Compare, said the commentator, Milton, Paradise Lost, Book I.
Thick as autumnal leaves that strew the brooks
In Vallombrosa.
As Michael mentally repeated the thunderous English line, a surge of melancholy caught him up to overwhelm his thoughts. In some way those words expressed what he was feeling at this moment, so that he could gain relief from the poignancy of his joy here in the darkness close to Alan with the unfathomable valley of the Thames beneath, by saying over and over again:
Thick as autumnal leaves that strew the brooks
In Vallombrosa.
“Damn, damn, damn, damn,” cried Alan suddenly. “Exams on Monday! Damn, damn, damn, damn.”
“I must go home and swat tonight,” said Michael.
“So must I,” sighed Alan.
“Walk with me to the station,” Michael asked.
“Oh, rather,” replied Alan.
Soon Michael was jolting back to Kensington in a stuffy carriage of hot Richmond merrymakers, while all the time he sat in the corner, saying over and over again:
Thick as autumnal leaves that strew the brooks
In Vallombrosa.
All Saturday night and all Sunday Michael worked breathlessly for those accursed examinations: but at the end of them he and Alan were bracketed equal, very near the tail of the Upper Fourth A. Dr. Brownjohn sent for each of them in turn, and each of them found the interview very trying.
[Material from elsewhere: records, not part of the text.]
(* Let $N\cong\mathbb{Z}^3$ and let $P$ be a minimal Fano polytope in $N_\mathbb{R}$ which contains two triangles $T_1,T_2$, whose vertices are vertices of $P$, lying in distinct two-dimensional linear subspaces $L_1\ne L_2$, such that each $T_j$ is equivalent (under an isomorphism of lattices $\mathbb{Z}^2\to N\cap L_j$) to $\mathrm{conv}\{(1,0),(0,1),(-2,-1)\}$ (the Fano triangle of $\mathbb{P}(1,1,2)$). Then, up to the action of $GL(3,\mathbb{Z})$, $P$ is the convex hull of the columns of one of $$\begin{pmatrix}1&0&0&-2&-2\\0&1&0&-1&0\\0&0&1&0&-1\end{pmatrix}\quad\text{or}\quad\begin{pmatrix}1&0&-2&1&-3\\0&1&-1&1&-1\\0&0&0&2&-2\end{pmatrix}.$$
   Context: A Fano polytope is a three-dimensional convex polytope $P\subset N_\mathbb{R}$ with vertices in $N$ such that the origin is the only lattice point in the interior of $P$. It is minimal if, for every vertex $\rho$ of $P$, the polytope $\mathrm{conv}((P\cap N)\setminus\{\rho\})$ is not a Fano polytope. Polytopes are identified up to $GL(3,\mathbb{Z})$ (after choosing a basis of $N$). *)

theory Defs
  imports "HOL-Analysis.Analysis"
begin

definition lattice3 :: "(real^3) set" where
  "lattice3 = {x. \<forall>i. x $ i \<in> \<int>}"

definition lattice2 :: "(real^2) set" where
  "lattice2 = {x. \<forall>i. x $ i \<in> \<int>}"

definition fano_polytope :: "(real^3) set \<Rightarrow> bool" where
  "fano_polytope P \<longleftrightarrow>
     (\<exists>V. finite V \<and> V \<subseteq> lattice3 \<and> P = convex hull V) \<and>
     aff_dim P = 3 \<and>
     interior P \<inter> lattice3 = {0}"

definition minimal_fano_polytope :: "(real^3) set \<Rightarrow> bool" where
  "minimal_fano_polytope P \<longleftrightarrow> fano_polytope P \<and>
     (\<forall>\<rho>. \<rho> extreme_point_of P \<longrightarrow>
        \<not> fano_polytope (convex hull ((P \<inter> lattice3) - {\<rho>})))"

definition triangle_P112 :: "(real^2) set" where
  "triangle_P112 = convex hull {vector [1, 0], vector [0, 1], vector [-2, -1]}"

definition P112_triangle_in :: "(real^3) set \<Rightarrow> (real^3) set \<Rightarrow> bool" where
  "P112_triangle_in L T \<longleftrightarrow> subspace L \<and> dim L = 2 \<and>
     (\<exists>f :: real^2 \<Rightarrow> real^3. linear f \<and> inj f \<and> range f = L \<and>
        f ` lattice2 = lattice3 \<inter> L \<and> f ` triangle_P112 = T)"

definition GL3Z :: "(real^3^3) set" where
  "GL3Z = {M. (\<forall>i j. M $ i $ j \<in> \<int>) \<and> \<bar>det M\<bar> = 1}"

definition GL3Z_equivalent :: "(real^3) set \<Rightarrow> (real^3) set \<Rightarrow> bool" where
  "GL3Z_equivalent P Q \<longleftrightarrow> (\<exists>M\<in>GL3Z. P = (\<lambda>x. M *v x) ` Q)"

definition polytopeA :: "(real^3) set" where
  "polytopeA = convex hull {vector [1,0,0], vector [0,1,0], vector [0,0,1],
                            vector [-2,-1,0], vector [-2,0,-1]}"

definition polytopeB :: "(real^3) set" where
  "polytopeB = convex hull {vector [1,0,0], vector [0,1,0], vector [-2,-1,0],
                            vector [1,1,2], vector [-3,-1,-2]}"

end

theory Submission
  imports Defs
begin

text \<open>Write the triangles as \<open>conv {a, b, -2a - b}\<close> and \<open>conv {s, t, -2s - t}\<close>, where
  \<open>(a, b)\<close> and \<open>(s, t)\<close> are bases of the lattice points of the two planes. Minimality means that
  for every vertex \<open>\<rho>\<close> of \<open>P\<close> some nonzero functional is nonnegative on all lattice points of
  \<open>P\<close> other than \<open>\<rho>\<close>, so every vertex belongs to any positively spanning set of lattice
  points of \<open>P\<close>. Applied to a vertex of one triangle lying outside the other plane, this puts
  the apex \<open>a\<close> (the vertex whose negative is the midpoint of the other two) into the other plane
  and vice versa; as both apexes are primitive lattice vectors, \<open>s = a\<close>, and then
  \<open>P = conv {a, b, -2a - b, t, -2a - t}\<close>.

  In the coordinates \<open>(a, b, t)\<close> the polytope \<open>P\<close> becomes \<open>polytopeA\<close> and the lattice
  \<open>N\<close> becomes a lattice \<open>\<Lambda> \<supseteq> \<int>\<^sup>3\<close> with \<open>\<Lambda> \<inter> {z = 0} = \<int>\<^sup>2\<close>, hence generated over
  \<open>\<int>\<^sup>3\<close> by a point \<open>(J, K, 1)/N\<close>. The functional attached to the vertex \<open>t\<close> forbids points
  of \<open>\<Lambda>\<close> in \<open>polytopeA\<close> strictly between heights 0 and 1; a lattice point count (done by
  computation for \<open>N \<le> 11\<close>) leaves only \<open>N = 1\<close>, which gives \<open>polytopeA\<close>, and \<open>N = 2\<close> with
  \<open>J, K\<close> odd, which gives \<open>polytopeB\<close>.\<close>

lemma lattice3_iff: "x \<in> lattice3 \<longleftrightarrow> x$1 \<in> \<int> \<and> x$2 \<in> \<int> \<and> x$3 \<in> \<int>"
  by (simp add: lattice3_def forall_3)

lemma lattice3_diff: "x \<in> lattice3 \<Longrightarrow> y \<in> lattice3 \<Longrightarrow> x - y \<in> lattice3"
  by (simp add: lattice3_iff)

lemma lattice3_add: "x \<in> lattice3 \<Longrightarrow> y \<in> lattice3 \<Longrightarrow> x + y \<in> lattice3"
  by (simp add: lattice3_iff)

lemma lattice3_scaleR: "c \<in> \<int> \<Longrightarrow> x \<in> lattice3 \<Longrightarrow> c *\<^sub>R x \<in> lattice3"
  by (simp add: lattice3_iff)

lemma vector_of_int_in_lattice3 [simp]: "vector [of_int i, of_int j, of_int k] \<in> lattice3"
  by (simp add: lattice3_iff)

lemma finite_bounded_Int_lattice3:
  assumes "bounded S"
  shows "finite (S \<inter> lattice3)"
proof -
  obtain B where B: "\<And>x. x \<in> S \<Longrightarrow> norm x \<le> B" using assms bounded_iff by blast
  define K where "K = \<lceil>B\<rceil>"
  have "S \<inter> lattice3 \<subseteq> (\<lambda>(i, j, k). vector [of_int i, of_int j, of_int k]) ` ({-K..K} \<times> {-K..K} \<times> {-K..K})"
  proof
    fix x assume x: "x \<in> S \<inter> lattice3"
    then obtain i j k where ijk: "x$1 = of_int i" "x$2 = of_int j" "x$3 = of_int k"
      by (metis IntD2 Ints_cases lattice3_iff)
    have "\<bar>x$m\<bar> \<le> B" for m using B[of x] x component_le_norm_cart[of x m] by auto
    from this[of 1] this[of 2] this[of 3] have "i \<in> {-K..K}" "j \<in> {-K..K}" "k \<in> {-K..K}"
      unfolding K_def ijk by (auto simp: abs_le_iff) linarith+
    moreover have "x = vector [of_int i, of_int j, of_int k]"
      using ijk by (simp add: vec_eq_iff forall_3)
    ultimately show "x \<in> (\<lambda>(i, j, k). vector [of_int i, of_int j, of_int k]) ` ({-K..K} \<times> {-K..K} \<times> {-K..K})"
      by force
  qed
  then show ?thesis by (rule finite_subset) simp
qed

lemma span_pair_iff: "x \<in> span {a, b} \<longleftrightarrow> (\<exists>u v. x = u *\<^sub>R a + v *\<^sub>R b)"
proof
  assume "x \<in> span {a, b}"
  then obtain u where "x - u *\<^sub>R a \<in> span {b}" using span_breakdown_eq by blast
  then obtain v where "x - u *\<^sub>R a = v *\<^sub>R b" by (auto simp: span_singleton)
  then show "\<exists>u v. x = u *\<^sub>R a + v *\<^sub>R b" by (metis diff_add_cancel add.commute)
qed (auto intro: span_add span_scale span_base)

lemma span_triple_iff: "x \<in> span {a, b, c} \<longleftrightarrow> (\<exists>u v w. x = u *\<^sub>R a + v *\<^sub>R b + w *\<^sub>R c)"
proof
  assume "x \<in> span {a, b, c}"
  then obtain u where "x - u *\<^sub>R a \<in> span {b, c}" using span_breakdown_eq by blast
  then obtain v w where "x - u *\<^sub>R a = v *\<^sub>R b + w *\<^sub>R c" using span_pair_iff by blast
  then show "\<exists>u v w. x = u *\<^sub>R a + v *\<^sub>R b + w *\<^sub>R c" by (metis diff_add_cancel add.commute add.assoc)
qed (auto intro: span_add span_scale span_base)

lemma independent_pair_scaleR_eq_0:
  fixes a b :: "'a::real_vector"
  assumes "independent {a, b}" "a \<noteq> b" "u *\<^sub>R a + v *\<^sub>R b = 0"
  shows "u = 0 \<and> v = 0"
proof -
  have b: "b \<noteq> 0" and a: "a \<notin> span {b}"
    using assms(1,2) by (auto simp: independent_insert dependent_single)
  have "u = 0"
  proof (rule ccontr)
    assume "u \<noteq> 0"
    then have "a = (1 / u) *\<^sub>R (u *\<^sub>R a)" by simp
    also have "u *\<^sub>R a = - (v *\<^sub>R b)" using assms(3) by (simp add: eq_neg_iff_add_eq_0)
    finally have "a = (- v / u) *\<^sub>R b" by simp
    then show False using a span_singleton by blast
  qed
  then show ?thesis using assms(3) b by simp
qed

lemma dim_span_pair:
  fixes a b :: "'a::euclidean_space"
  assumes "independent {a, b}" "a \<noteq> b"
  shows "dim (span {a, b}) = 2"
  using dim_span_eq_card_independent[OF assms(1)] assms(2) by simp

lemma span_pair_eq:
  fixes a b s t :: "'a::euclidean_space"
  assumes "independent {a, b}" "a \<noteq> b" "a \<in> span {s, t}" "b \<in> span {s, t}"
  shows "span {a, b} = span {s, t}"
proof (rule subspace_dim_equal)
  show "span {a, b} \<subseteq> span {s, t}" using assms(3,4) by (simp add: span_minimal)
  have "dim (span {s, t}) \<le> card {s, t}" by (simp add: dim_le_card')
  also have "\<dots> \<le> 2" by (simp add: card_insert_if)
  finally show "dim (span {s, t}) \<le> dim (span {a, b})" using dim_span_pair[OF assms(1,2)] by simp
qed simp_all

lemma span_insert_eq_UNIV:
  fixes a b t :: "real^3"
  assumes "independent {a, b}" "a \<noteq> b" "t \<notin> span {a, b}"
  shows "span {a, b, t} = UNIV"
proof -
  have "dim {t, a, b} = 3"
    using assms dim_span_pair[OF assms(1,2)] by (simp add: dim_insert)
  then show ?thesis using dim_eq_full[of "{t, a, b}"] by (simp add: insert_commute)
qed

lemma Ints_mult_eq_1D:
  fixes x y :: "'a::ring_char_0"
  assumes "x \<in> \<int>" "y \<in> \<int>" "x * y = 1"
  shows "x = 1 \<or> x = -1"
proof -
  obtain I J where IJ: "x = of_int I" "y = of_int J" using assms(1,2) Ints_cases by metis
  then have "I * J = 1" using assms(3) by (metis of_int_eq_1_iff of_int_mult)
  then show ?thesis using IJ(1) zmult_eq_1_iff by auto
qed

section \<open>The Fano triangle of \<open>\<bbbP>(1,1,2)\<close>\<close>

lemma P112_triangle_not_collinear:
  fixes a b :: "'a::euclidean_space"
  assumes "independent {a, b}" "a \<noteq> b"
  shows "\<not> collinear {a, b, -2 *\<^sub>R a - b}"
proof
  note indep = independent_pair_scaleR_eq_0[OF assms]
  assume "collinear {a, b, -2 *\<^sub>R a - b}"
  then have "collinear {0, a - b, (-2 *\<^sub>R a - b) - b}"
    using collinear_3[of a b "-2 *\<^sub>R a - b"] by simp
  then consider "a - b = 0" | c where "(-2 *\<^sub>R a - b) - b = c *\<^sub>R (a - b)"
    unfolding collinear_lemma by (metis scaleR_zero_left)
  then show False
  proof cases
    case 1 then show False using assms(2) by simp
  next
    case 2
    then have "(-2 - c) *\<^sub>R a + (c - 2) *\<^sub>R b = 0" by (simp add: algebra_simps scaleR_2)
    then show False using indep by fastforce
  qed
qed

lemma extreme_point_of_P112_triangle:
  fixes a b :: "'a::euclidean_space"
  assumes "independent {a, b}" "a \<noteq> b" "x \<in> {a, b, -2 *\<^sub>R a - b}"
  shows "x extreme_point_of convex hull {a, b, -2 *\<^sub>R a - b}"
  using extreme_point_of_convex_hull_affine_independent affine_dependent_imp_collinear_3
    P112_triangle_not_collinear[OF assms(1,2)] assms(3) by blast

lemma P112_triangle_distinct:
  fixes a b :: "'a::real_vector"
  assumes "independent {a, b}" "a \<noteq> b"
  shows "a \<noteq> 0" "b \<noteq> -a" "-2 *\<^sub>R a - b \<noteq> a" "-2 *\<^sub>R a - b \<noteq> -a" "-2 *\<^sub>R a - b \<noteq> b"
proof -
  note indep = independent_pair_scaleR_eq_0[OF assms]
  show "a \<noteq> 0" using indep[of 1 0] by auto
  show "b \<noteq> -a" using indep[of 1 1] by (auto simp: eq_neg_iff_add_eq_0 add.commute)
  show "-2 *\<^sub>R a - b \<noteq> a"
  proof
    assume h: "-2 *\<^sub>R a - b = a"
    have "3 *\<^sub>R a + 1 *\<^sub>R b = a - (-2 *\<^sub>R a - b)"
      using scaleR_add_left[of 1 2 a] by (simp add: algebra_simps)
    also have "\<dots> = 0" using h by simp
    finally show False using indep by fastforce
  qed
  show "-2 *\<^sub>R a - b \<noteq> -a"
  proof
    assume h: "-2 *\<^sub>R a - b = -a"
    have "1 *\<^sub>R a + 1 *\<^sub>R b = -a - (-2 *\<^sub>R a - b)" by (simp add: algebra_simps scaleR_2)
    also have "\<dots> = 0" using h by simp
    finally show False using indep by fastforce
  qed
  show "-2 *\<^sub>R a - b \<noteq> b"
  proof
    assume h: "-2 *\<^sub>R a - b = b"
    have "2 *\<^sub>R a + 2 *\<^sub>R b = - (-2 *\<^sub>R a - b - b)" by (simp add: algebra_simps scaleR_2)
    also have "\<dots> = 0" using h by simp
    finally show False using indep by fastforce
  qed
qed

lemma midpoint_P112_triangle: "midpoint b (-2 *\<^sub>R a - b) = - a"
  by (simp add: midpoint_def algebra_simps)

lemma minus_P112_apex_not_extreme:
  fixes a b :: "'a::real_vector"
  assumes "independent {a, b}" "a \<noteq> b" "b \<in> S" "-2 *\<^sub>R a - b \<in> S"
  shows "\<not> (-a) extreme_point_of S"
proof
  assume "(-a) extreme_point_of S"
  moreover have "midpoint b (-2 *\<^sub>R a - b) \<in> open_segment b (-2 *\<^sub>R a - b)"
    using P112_triangle_distinct(5)[OF assms(1,2)] by simp
  ultimately show False
    using assms(3,4) unfolding extreme_point_of_def midpoint_P112_triangle by blast
qed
“What do you mean by it?” roared the Headmaster to Michael. “What do you mean by it, you young blackguard? Um? Look at this list. Um? It’s a contemptible position for a Scholar. Down here with a lump of rabbit’s brains, you abominable little loafer. Um? If you aren’t in the first five boys of the Lower Fifth next term, I’ll kick you off the Foundation. What good are you to the School? Um? None at all.”
As Dr. Brownjohn bellowed forth this statement, his mouth opened so wide that Michael instinctively shrank back as if from a crater in eruption.
“You don’t come here to swagger about,” growled the Headmaster. “You come here to be a credit to your school. You pestilent young jackanapes, do you suppose I haven’t noticed your idleness? Um? I notice everything. Get out of my sight and take your hands out of your pockets, you insolent little lubber. Um?”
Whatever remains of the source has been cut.